To/from Thailand - There are no ferry services between Cambodia and Thailand. However it is possible to cross the border from Thailand to Koh Kong on foot, take a 15 minute share taxi or motodop (motorbike taxi) ride, and then proceed to Sihanoukville by ferry from there (or vice-versa).
To/from Vietnam - It's possible to travel between Ho Chi Minh City and Phnom Penh by boat, or by combination of road and boat.
Get around
By plane
Domestic departure tax
From both Phnom Penh and Siem Reap, the surcharge is US$6; from Banlung the fee is US$4. |
There are only two domestic routes:
Phnom Penh - Siem Reap: Siem Reap Airways is the most reliable operator on this route, offering four daily 55-minute flights using French ATR-72 turboprops; one-way fares are around US$60.

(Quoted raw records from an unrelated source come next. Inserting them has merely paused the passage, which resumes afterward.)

lemma differentiable_upto_compose_affine:
  "differentiable_upto k f \<Longrightarrow> differentiable_upto k (\<lambda>x. f (s * x + d))"
proof (induction k arbitrary: f)
  case 0
  then show ?case
    using DERIV_compose_affine[of f s _ d] real_differentiable_def
    by (auto simp: differentiable_upto_0)
next
  case (Suc k)
  then have f: "\<forall>x. f differentiable (at x)" and "differentiable_upto k (deriv f)"
    by (auto simp: differentiable_upto_Suc)
  then have "differentiable_upto k (\<lambda>x. deriv f (s * x + d) * s)"
    using Suc.IH differentiable_upto_cmult[of k _ s] by (auto simp: mult.commute)
  moreover have "deriv (\<lambda>x. f (s * x + d)) = (\<lambda>x. deriv f (s * x + d) * s)"
    using f by (intro ext DERIV_imp_deriv DERIV_compose_affine) auto
  moreover have "\<forall>x. (\<lambda>x. f (s * x + d)) differentiable (at x)"
    using f DERIV_compose_affine[of f s _ d] real_differentiable_def by blast
  ultimately show ?case
    by (simp add: differentiable_upto_Suc)
qed

lemma differentiable_upto_inverse:
  "differentiable_upto k f \<Longrightarrow> (\<forall>x. f x \<noteq> 0) \<Longrightarrow> differentiable_upto k (\<lambda>x. inverse (f x))"
proof (induction k arbitrary: f)
  case 0
  then show ?case
    by (auto simp: differentiable_upto_0 intro!: derivative_intros)
next
  case (Suc k)
  have f: "\<forall>x. f differentiable (at x)"
    using Suc.prems by (auto simp: differentiable_upto_Suc)
  have D: "((\<lambda>x. inverse (f x)) has_real_derivative
      - (deriv f x * (inverse (f x) * inverse (f x)))) (at x)" for x
    using DERIV_inverse_fun[of f "deriv f x" x] f Suc.prems(2)
    by (simp add: power2_eq_square DERIV_deriv_iff_real_differentiable)
  then have "deriv (\<lambda>x. inverse (f x)) = (\<lambda>x. - (deriv f x * (inverse (f x) * inverse (f x))))"
    by (intro ext DERIV_imp_deriv)
  moreover have "differentiable_upto k (\<lambda>x. (-1) * (deriv f x * (inverse (f x) * inverse (f x))))"
    using Suc differentiable_upto_Suc_imp
    by (intro differentiable_upto_cmult differentiable_upto_mult) (auto simp: differentiable_upto_Suc)
  ultimately show ?case
    using D by (auto simp: differentiable_upto_Suc real_differentiable_def)
qed

section \<open>A smooth step function\<close>

lemma poly_times_exp_minus_tendsto_0: "((\<lambda>y. poly p y * exp (- y)) \<longlongrightarrow> (0::real)) at_top"
proof -
  have "((\<lambda>y. \<Sum>i\<le>degree p. coeff p i * (y ^ i / exp y)) \<longlongrightarrow> (0::real)) at_top"
    by (intro tendsto_null_sum tendsto_mult_right_zero tendsto_power_div_exp_0)
  moreover have "(\<Sum>i\<le>degree p. coeff p i * (y ^ i / exp y)) = poly p y * exp (- y)" for y :: real
    by (simp add: poly_altdef sum_distrib_right exp_minus divide_inverse mult.assoc)
  ultimately show ?thesis by simp
qed

text \<open>The derivatives of \<open>x \<mapsto> exp (-1/x)\<close> (extended by \<open>0\<close> for \<open>x \<le> 0\<close>) all have this shape;
  \<open>flat_exp_deriv_poly\<close> computes the polynomial of the next derivative.\<close>

definition flat_exp :: "real poly \<Rightarrow> real \<Rightarrow> real" where
  "flat_exp p x = (if 0 < x then poly p (inverse x) * exp (- inverse x) else 0)"

definition flat_exp_deriv_poly :: "real poly \<Rightarrow> real poly" where
  "flat_exp_deriv_poly p = [:0, 0, 1:] * (p - pderiv p)"

lemma flat_exp_has_derivative_0: "(flat_exp p has_real_derivative 0) (at 0)"
proof -
  have left: "((\<lambda>h. (flat_exp p (0 + h) - flat_exp p 0) / h) \<longlongrightarrow> 0) (at_left 0)"
    by (rule tendsto_eventually, rule eventually_mono[OF eventually_at_left_real[of "-1"]])
      (auto simp: flat_exp_def)
  have "\<forall>\<^sub>F y in at_top. poly (p * [:0, 1:]) y * exp (- y) =
      (flat_exp p (0 + inverse y) - flat_exp p 0) / inverse y"
    by (rule eventually_mono[OF eventually_gt_at_top[of 0]]) (auto simp: flat_exp_def field_simps)
  then have "((\<lambda>h. (flat_exp p (0 + h) - flat_exp p 0) / h) \<longlongrightarrow> 0) (at_right 0)"
    unfolding filterlim_at_right_to_top
    using tendsto_cong poly_times_exp_minus_tendsto_0 by fastforce
  with left show ?thesis
    unfolding DERIV_def using filterlim_at_split by blast
qed

lemma flat_exp_has_derivative:
  "(flat_exp p has_real_derivative flat_exp (flat_exp_deriv_poly p) x) (at x)"
proof -
  consider "0 < x" | "x < 0" | "x = 0" by linarith
  then show ?thesis
  proof cases
    case 1
    have "((\<lambda>x. poly p (inverse x) * exp (- inverse x)) has_real_derivative
        poly (pderiv p) (inverse x) * (- inverse (x^2)) * exp (- inverse x)
        + poly p (inverse x) * (exp (- inverse x) * inverse (x^2))) (at x)"
      using 1 by (auto intro!: derivative_eq_intros DERIV_chain2[OF poly_DERIV]
          simp: power2_eq_square)
    then have "((\<lambda>x. poly p (inverse x) * exp (- inverse x)) has_real_derivative
        flat_exp (flat_exp_deriv_poly p) x) (at x)"
      using 1 by (simp add: flat_exp_def flat_exp_deriv_poly_def algebra_simps power2_eq_square)
    then show ?thesis
      by (rule has_field_derivative_transform_within_open[of _ _ _ "{0<..}"])
        (use 1 in \<open>auto simp: flat_exp_def\<close>)
  next
    case 2
    have "((\<lambda>x. 0) has_real_derivative flat_exp (flat_exp_deriv_poly p) x) (at x)"
      using 2 by (simp add: flat_exp_def)
    then show ?thesis
      by (rule has_field_derivative_transform_within_open[of _ _ _ "{..<0}"])
        (use 2 in \<open>auto simp: flat_exp_def\<close>)
  next
    case 3
    then show ?thesis using flat_exp_has_derivative_0 by (simp add: flat_exp_def)
  qed
qed

lemma differentiable_upto_flat_exp: "differentiable_upto k (flat_exp p)"
proof (induction k arbitrary: p)
  case 0
  then show ?case
    using flat_exp_has_derivative real_differentiable_def differentiable_upto_0 by blast
next
  case (Suc k)
  have "deriv (flat_exp p) = flat_exp (flat_exp_deriv_poly p)"
    using flat_exp_has_derivative DERIV_imp_deriv by blast
  then show ?case
    using Suc flat_exp_has_derivative real_differentiable_def differentiable_upto_Suc by metis
qed

lemma flat_exp_1: "flat_exp 1 x = (if 0 < x then exp (- inverse x) else 0)"
  by (simp add: flat_exp_def)

definition smooth_step :: "real \<Rightarrow> real" where
  "smooth_step x = flat_exp 1 x * inverse (flat_exp 1 x + flat_exp 1 (1 - x))"

lemma differentiable_upto_smooth_step: "differentiable_upto k smooth_step"
proof -
  have "flat_exp 1 x + flat_exp 1 (1 - x) > 0" for x
    by (cases "0 < x") (simp_all add: flat_exp_1 add_pos_nonneg add_nonneg_pos)
  then have "flat_exp 1 x + flat_exp 1 (1 - x) \<noteq> 0" for x
    by (metis less_irrefl)
  moreover have "differentiable_upto k (\<lambda>x. flat_exp 1 ((-1) * x + 1))"
    by (rule differentiable_upto_compose_affine[OF differentiable_upto_flat_exp])
  ultimately show ?thesis
    unfolding smooth_step_def[abs_def]
    by (intro differentiable_upto_mult differentiable_upto_inverse differentiable_upto_add
        differentiable_upto_flat_exp) simp_all
qed

lemma smooth_step_eq_0: "x \<le> 0 \<Longrightarrow> smooth_step x = 0"
  by (simp add: smooth_step_def flat_exp_1)

lemma smooth_step_eq_1: "1 \<le> x \<Longrightarrow> smooth_step x = 1"
  by (simp add: smooth_step_def flat_exp_1)

section \<open>Agreement of jets\<close>

definition jets_agree :: "real \<Rightarrow> (real \<Rightarrow> real) \<Rightarrow> (real \<Rightarrow> real) \<Rightarrow> bool" where
  "jets_agree K f g \<longleftrightarrow> (\<forall>j t. \<bar>t\<bar> \<le> K \<longrightarrow> (deriv ^^ j) (\<lambda>x. f x - g x) t = 0)"

lemma jets_agree_mono: "jets_agree K f g \<Longrightarrow> L \<le> K \<Longrightarrow> jets_agree L f g"
  by (simp add: jets_agree_def)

Phnom Penh - Banlung: PMTair has flights on Mondays and Wednesdays, using Antonov An-24 turboprops; one-way fares are around US$70.
By road
The three main routes to Phnom Penh (from Siem Reap, Sisophon, and Sihanoukville) are all sealed and in good condition. National Route #7 from Stung Treng to Phnom Penh (Skuon) is in good condition, paved between Kratie and Phnom Penh, partly paved and partly gravel between Stung Treng and Kratie, but well maintained, even in the wet season. Most other roads are unpaved dirt; many are in abysmal condition, others are maintained fairly regularly (but fall apart with alarming speed in the wet season). On the unsealed routes, overloaded trucks do a good job of smashing poorly built bridges. In all, buffer your schedule and expect delays when travelling around the country, especially on the dirt roads, and doubly so in the wet season.
For longer journeys there is a system of buses and pickup trucks that usually operate from the local market square, with most departures between 06:00-09:00.
Motorcycle taxis are ubiquitous. For quick trips across town, just stand on a corner for a moment and someone will offer you a lift - for a small, usually standard, fee.
Motorcycle rentals are available in many towns, with the notable exception of Siem Reap.
By boat
Ferries operate seasonally along many of the major rivers. Major routes include Phnom Penh to Siem Reap and Siem Reap to Battambang. Boats are slower than road transport, charge higher prices for foreigners, and are sometimes overcrowded and unsafe. Then again, Cambodia's highways are also dangerous, and boats are probably the safer of the two options.
The boat trip between Siem Reap and Battambang takes longer (especially in the dry season), and is less comfortable and more expensive than taking a seat in a share taxi, but is favoured by some travellers for its up-close view of subsistence farming (and hundreds of waving children) along the river. Taking the boat late in the dry season (April and May) is not advisable as low water levels mean that you must transfer to smaller vessels in mid-river.
By train
As of January 2006, the only passenger train in Cambodia travels very slowly from Phnom Penh to Battambang every other day, and back again on the alternate days. There are no passenger services to Sihanoukville or Kampot anymore, but it may be possible to hitch a ride on a cargo train if you enjoy that kind of thing (likewise between Sisophon and Battambang, and between Battambang and Phnom Penh).
Talk
Cambodians primarily speak Khmer, which unlike most languages in the region is not tonal, but makes up for it with a large assortment of consonant and vowel clusters. Some elder Khmers speak French from the colonial days, but partly because of the Khmer Rouge era (in which those speaking foreign languages were targeted for extermination), to actually encounter anyone fluent in French is rare in most parts of the country. German and other European tongues can be found in the tourist centres (but are even rarer than French) and Japanese is also a popular language for tourist industry workers.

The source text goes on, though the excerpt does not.